-- To do --
Take the entries that follow and return exactly the lines from the one holding "range (\<lambda>k::int. \<lambda>l." through the one holding "(\<rho> i a))", both included. Nothing else is needed.

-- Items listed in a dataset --
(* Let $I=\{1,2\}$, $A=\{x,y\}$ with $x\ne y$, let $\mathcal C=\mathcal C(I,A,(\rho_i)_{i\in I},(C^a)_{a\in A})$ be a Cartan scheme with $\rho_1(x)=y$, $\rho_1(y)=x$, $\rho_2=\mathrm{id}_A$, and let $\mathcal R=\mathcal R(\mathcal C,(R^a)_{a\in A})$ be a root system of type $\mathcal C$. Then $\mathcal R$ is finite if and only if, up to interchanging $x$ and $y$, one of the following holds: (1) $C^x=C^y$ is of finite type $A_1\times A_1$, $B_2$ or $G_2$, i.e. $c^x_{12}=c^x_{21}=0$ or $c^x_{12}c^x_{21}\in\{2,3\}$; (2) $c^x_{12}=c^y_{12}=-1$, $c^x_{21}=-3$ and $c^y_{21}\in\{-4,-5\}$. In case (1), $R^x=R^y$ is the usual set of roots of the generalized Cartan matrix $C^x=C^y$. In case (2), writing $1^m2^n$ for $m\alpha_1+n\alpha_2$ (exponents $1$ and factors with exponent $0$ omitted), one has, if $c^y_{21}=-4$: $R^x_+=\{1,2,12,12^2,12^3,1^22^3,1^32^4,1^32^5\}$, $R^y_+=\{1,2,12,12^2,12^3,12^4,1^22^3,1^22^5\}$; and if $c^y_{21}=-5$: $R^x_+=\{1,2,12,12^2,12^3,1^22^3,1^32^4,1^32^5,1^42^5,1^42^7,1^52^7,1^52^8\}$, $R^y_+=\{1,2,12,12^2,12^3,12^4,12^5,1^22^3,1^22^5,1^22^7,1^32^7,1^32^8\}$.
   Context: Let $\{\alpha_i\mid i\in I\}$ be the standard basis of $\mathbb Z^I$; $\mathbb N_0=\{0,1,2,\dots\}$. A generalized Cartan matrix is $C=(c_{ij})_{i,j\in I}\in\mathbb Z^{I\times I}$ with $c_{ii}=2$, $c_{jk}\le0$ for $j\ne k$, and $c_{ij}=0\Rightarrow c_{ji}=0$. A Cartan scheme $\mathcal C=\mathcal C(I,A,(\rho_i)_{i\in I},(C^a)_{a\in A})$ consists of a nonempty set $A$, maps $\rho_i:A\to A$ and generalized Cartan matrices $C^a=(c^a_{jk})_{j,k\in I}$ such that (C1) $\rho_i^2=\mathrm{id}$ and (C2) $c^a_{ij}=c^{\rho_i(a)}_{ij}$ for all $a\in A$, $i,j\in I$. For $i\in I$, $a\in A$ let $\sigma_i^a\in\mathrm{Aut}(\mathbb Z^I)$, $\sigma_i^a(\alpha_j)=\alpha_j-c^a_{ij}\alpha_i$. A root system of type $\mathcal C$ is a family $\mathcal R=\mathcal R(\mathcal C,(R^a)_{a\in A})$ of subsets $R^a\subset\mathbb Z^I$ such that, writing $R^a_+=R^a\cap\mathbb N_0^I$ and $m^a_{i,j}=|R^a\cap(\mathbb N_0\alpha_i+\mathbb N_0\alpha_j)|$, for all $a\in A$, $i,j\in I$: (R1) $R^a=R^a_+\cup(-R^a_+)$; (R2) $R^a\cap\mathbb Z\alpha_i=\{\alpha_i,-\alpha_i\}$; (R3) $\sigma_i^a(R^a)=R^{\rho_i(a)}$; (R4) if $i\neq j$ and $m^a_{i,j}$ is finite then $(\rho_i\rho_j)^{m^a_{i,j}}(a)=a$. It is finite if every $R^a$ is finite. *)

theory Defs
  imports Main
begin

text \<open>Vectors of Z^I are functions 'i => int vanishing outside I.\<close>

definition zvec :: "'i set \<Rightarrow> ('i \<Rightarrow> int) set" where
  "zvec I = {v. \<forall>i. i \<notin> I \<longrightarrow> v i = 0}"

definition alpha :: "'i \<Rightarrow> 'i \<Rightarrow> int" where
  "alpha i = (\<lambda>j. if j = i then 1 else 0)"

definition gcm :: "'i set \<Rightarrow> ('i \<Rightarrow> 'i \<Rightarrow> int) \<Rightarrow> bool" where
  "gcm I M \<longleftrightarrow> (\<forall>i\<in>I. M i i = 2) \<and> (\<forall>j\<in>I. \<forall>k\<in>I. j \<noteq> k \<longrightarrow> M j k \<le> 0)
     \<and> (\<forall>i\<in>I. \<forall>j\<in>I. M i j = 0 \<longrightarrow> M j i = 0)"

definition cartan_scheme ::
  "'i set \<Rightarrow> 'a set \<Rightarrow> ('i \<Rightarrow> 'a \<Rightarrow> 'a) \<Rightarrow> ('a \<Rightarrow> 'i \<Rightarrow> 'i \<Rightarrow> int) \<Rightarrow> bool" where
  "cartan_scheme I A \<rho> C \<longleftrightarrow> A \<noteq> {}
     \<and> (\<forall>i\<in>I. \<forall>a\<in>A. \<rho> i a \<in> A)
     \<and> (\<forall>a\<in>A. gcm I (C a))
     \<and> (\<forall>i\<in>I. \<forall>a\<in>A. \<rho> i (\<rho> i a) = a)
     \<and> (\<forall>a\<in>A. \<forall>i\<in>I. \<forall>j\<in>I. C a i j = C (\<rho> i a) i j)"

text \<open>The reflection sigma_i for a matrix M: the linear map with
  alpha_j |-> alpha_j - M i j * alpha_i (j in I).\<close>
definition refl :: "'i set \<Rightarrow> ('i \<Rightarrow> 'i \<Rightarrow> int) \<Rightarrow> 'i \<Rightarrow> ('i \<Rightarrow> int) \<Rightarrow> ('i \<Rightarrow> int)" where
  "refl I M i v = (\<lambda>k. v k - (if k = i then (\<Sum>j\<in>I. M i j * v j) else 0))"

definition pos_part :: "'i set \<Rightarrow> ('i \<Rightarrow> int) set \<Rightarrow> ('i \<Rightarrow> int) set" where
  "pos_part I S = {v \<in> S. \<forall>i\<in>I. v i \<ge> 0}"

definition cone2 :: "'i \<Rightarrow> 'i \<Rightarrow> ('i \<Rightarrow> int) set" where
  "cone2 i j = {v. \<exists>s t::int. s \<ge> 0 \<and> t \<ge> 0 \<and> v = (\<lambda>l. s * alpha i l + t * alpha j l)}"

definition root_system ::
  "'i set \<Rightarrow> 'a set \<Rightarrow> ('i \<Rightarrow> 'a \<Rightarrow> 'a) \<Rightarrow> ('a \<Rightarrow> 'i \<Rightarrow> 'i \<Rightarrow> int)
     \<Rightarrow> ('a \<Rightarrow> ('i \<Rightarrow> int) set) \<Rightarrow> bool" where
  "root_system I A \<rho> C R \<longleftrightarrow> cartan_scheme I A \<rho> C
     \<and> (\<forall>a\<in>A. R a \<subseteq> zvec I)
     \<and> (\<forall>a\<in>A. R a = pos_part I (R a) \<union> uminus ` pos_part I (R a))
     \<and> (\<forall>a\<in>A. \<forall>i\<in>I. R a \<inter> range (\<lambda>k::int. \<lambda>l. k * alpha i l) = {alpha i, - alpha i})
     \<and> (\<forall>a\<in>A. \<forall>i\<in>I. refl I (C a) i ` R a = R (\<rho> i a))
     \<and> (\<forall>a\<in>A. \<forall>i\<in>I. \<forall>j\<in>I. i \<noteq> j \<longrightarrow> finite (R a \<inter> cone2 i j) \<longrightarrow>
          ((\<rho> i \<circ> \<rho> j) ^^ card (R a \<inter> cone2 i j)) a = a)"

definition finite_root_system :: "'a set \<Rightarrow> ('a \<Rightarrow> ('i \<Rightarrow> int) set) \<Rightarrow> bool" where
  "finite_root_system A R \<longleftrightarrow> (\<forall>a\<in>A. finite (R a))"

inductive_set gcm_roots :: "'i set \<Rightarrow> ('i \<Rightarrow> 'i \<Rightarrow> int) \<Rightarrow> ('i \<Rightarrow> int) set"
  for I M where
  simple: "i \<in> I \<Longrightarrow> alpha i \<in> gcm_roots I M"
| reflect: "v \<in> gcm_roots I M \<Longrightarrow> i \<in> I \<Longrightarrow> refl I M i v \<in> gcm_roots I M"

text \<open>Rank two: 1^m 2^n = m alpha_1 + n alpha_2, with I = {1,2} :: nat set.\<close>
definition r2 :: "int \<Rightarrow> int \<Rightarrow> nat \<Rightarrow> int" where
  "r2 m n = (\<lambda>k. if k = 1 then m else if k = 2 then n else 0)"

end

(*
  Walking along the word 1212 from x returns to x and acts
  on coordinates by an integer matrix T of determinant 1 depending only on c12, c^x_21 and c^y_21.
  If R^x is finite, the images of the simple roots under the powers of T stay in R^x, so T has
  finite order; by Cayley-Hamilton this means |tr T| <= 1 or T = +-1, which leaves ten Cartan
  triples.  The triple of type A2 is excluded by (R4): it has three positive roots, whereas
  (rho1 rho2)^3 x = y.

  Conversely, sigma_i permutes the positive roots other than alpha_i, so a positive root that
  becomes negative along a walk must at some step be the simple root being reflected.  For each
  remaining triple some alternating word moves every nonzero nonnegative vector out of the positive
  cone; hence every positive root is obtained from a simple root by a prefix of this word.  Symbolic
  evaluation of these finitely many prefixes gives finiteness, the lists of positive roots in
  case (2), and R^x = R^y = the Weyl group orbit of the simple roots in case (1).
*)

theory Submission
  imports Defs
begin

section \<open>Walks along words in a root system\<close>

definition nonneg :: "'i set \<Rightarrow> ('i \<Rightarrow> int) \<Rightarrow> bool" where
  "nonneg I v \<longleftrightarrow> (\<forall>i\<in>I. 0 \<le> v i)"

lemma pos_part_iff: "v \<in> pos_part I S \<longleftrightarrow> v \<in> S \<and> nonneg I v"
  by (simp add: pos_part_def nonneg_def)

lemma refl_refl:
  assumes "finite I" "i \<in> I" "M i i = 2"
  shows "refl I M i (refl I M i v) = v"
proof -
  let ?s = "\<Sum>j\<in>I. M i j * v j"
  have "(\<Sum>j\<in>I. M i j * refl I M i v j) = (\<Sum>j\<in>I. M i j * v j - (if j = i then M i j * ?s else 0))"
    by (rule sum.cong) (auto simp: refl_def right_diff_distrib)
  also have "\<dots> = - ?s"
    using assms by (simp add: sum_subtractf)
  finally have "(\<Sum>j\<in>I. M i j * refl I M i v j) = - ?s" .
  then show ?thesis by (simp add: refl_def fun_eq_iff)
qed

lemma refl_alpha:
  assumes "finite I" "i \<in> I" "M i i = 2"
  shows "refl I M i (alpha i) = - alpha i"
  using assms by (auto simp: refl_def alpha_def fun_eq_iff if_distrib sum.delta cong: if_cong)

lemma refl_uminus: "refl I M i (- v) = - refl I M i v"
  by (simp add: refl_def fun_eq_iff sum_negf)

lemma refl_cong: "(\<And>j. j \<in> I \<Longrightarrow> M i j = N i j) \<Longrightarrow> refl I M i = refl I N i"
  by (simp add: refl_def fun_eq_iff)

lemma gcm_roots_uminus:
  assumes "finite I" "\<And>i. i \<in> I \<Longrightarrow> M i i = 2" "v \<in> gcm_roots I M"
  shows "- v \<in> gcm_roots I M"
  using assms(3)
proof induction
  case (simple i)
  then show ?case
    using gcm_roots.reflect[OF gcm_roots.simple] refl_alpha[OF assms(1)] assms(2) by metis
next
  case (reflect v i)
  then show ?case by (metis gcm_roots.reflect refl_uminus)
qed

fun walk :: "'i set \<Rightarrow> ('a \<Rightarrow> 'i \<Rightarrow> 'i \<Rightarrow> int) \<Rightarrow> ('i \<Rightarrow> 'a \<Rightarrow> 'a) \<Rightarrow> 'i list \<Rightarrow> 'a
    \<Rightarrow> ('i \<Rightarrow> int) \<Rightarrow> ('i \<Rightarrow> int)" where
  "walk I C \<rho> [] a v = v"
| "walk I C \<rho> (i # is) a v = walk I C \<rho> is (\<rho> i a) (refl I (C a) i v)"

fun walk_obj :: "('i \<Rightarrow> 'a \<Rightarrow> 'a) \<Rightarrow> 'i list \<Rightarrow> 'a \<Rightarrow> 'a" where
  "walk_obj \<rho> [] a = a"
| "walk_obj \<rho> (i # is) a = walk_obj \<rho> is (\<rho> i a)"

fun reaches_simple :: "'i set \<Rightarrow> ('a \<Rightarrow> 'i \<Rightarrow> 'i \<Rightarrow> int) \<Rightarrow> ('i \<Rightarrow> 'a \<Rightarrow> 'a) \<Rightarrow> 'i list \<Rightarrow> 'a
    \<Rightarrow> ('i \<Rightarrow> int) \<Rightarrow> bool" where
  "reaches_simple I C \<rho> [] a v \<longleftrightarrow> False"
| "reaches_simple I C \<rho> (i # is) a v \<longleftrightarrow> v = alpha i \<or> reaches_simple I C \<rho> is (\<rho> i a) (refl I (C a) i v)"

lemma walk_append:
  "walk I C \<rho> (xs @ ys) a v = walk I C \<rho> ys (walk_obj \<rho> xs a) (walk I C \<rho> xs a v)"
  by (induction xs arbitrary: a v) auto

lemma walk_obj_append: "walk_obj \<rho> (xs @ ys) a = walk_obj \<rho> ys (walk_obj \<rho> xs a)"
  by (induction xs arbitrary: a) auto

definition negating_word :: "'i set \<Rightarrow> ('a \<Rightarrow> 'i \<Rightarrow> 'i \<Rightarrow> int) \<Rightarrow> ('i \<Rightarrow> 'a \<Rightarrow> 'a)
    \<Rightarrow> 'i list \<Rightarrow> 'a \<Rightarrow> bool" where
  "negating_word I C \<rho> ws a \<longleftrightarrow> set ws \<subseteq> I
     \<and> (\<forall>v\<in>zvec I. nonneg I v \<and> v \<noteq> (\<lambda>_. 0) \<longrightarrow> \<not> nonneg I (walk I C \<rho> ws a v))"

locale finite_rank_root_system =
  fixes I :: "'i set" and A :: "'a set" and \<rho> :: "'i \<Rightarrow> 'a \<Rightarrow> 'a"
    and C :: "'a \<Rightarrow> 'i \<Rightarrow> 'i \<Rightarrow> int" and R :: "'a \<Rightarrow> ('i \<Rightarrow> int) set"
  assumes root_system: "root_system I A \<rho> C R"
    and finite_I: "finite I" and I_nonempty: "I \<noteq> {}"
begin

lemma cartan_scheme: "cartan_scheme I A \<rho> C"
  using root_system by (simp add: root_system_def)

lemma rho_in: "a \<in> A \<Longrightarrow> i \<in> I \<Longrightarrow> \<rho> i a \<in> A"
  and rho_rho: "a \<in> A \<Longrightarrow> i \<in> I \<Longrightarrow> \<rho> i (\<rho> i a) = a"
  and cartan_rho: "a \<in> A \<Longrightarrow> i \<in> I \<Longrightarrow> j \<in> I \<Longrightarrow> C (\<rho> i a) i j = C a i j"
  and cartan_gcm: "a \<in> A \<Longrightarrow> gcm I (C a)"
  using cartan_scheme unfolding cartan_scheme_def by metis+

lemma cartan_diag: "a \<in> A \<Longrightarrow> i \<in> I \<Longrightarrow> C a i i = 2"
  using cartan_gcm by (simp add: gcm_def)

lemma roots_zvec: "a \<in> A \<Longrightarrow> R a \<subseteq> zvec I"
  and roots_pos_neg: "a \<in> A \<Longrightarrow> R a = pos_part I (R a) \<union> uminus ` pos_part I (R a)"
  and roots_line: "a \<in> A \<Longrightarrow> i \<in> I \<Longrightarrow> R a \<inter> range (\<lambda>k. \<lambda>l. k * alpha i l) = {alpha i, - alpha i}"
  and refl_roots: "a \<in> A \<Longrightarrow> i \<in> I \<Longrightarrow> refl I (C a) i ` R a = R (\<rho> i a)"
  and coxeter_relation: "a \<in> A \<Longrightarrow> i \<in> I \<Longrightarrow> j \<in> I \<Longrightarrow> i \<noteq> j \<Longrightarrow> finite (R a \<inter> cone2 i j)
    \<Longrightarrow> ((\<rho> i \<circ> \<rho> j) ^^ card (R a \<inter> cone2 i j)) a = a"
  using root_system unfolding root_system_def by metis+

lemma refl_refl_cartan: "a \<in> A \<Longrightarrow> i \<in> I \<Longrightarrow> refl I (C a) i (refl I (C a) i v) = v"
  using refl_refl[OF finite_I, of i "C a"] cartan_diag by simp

-- Exercise solution --
     \<and> (\<forall>a\<in>A. \<forall>i\<in>I. R a \<inter> range (\<lambda>k::int. \<lambda>l. k * alpha i l) = {alpha i, - alpha i})
     \<and> (\<forall>a\<in>A. \<forall>i\<in>I. refl I (C a) i ` R a = R (\<rho> i a))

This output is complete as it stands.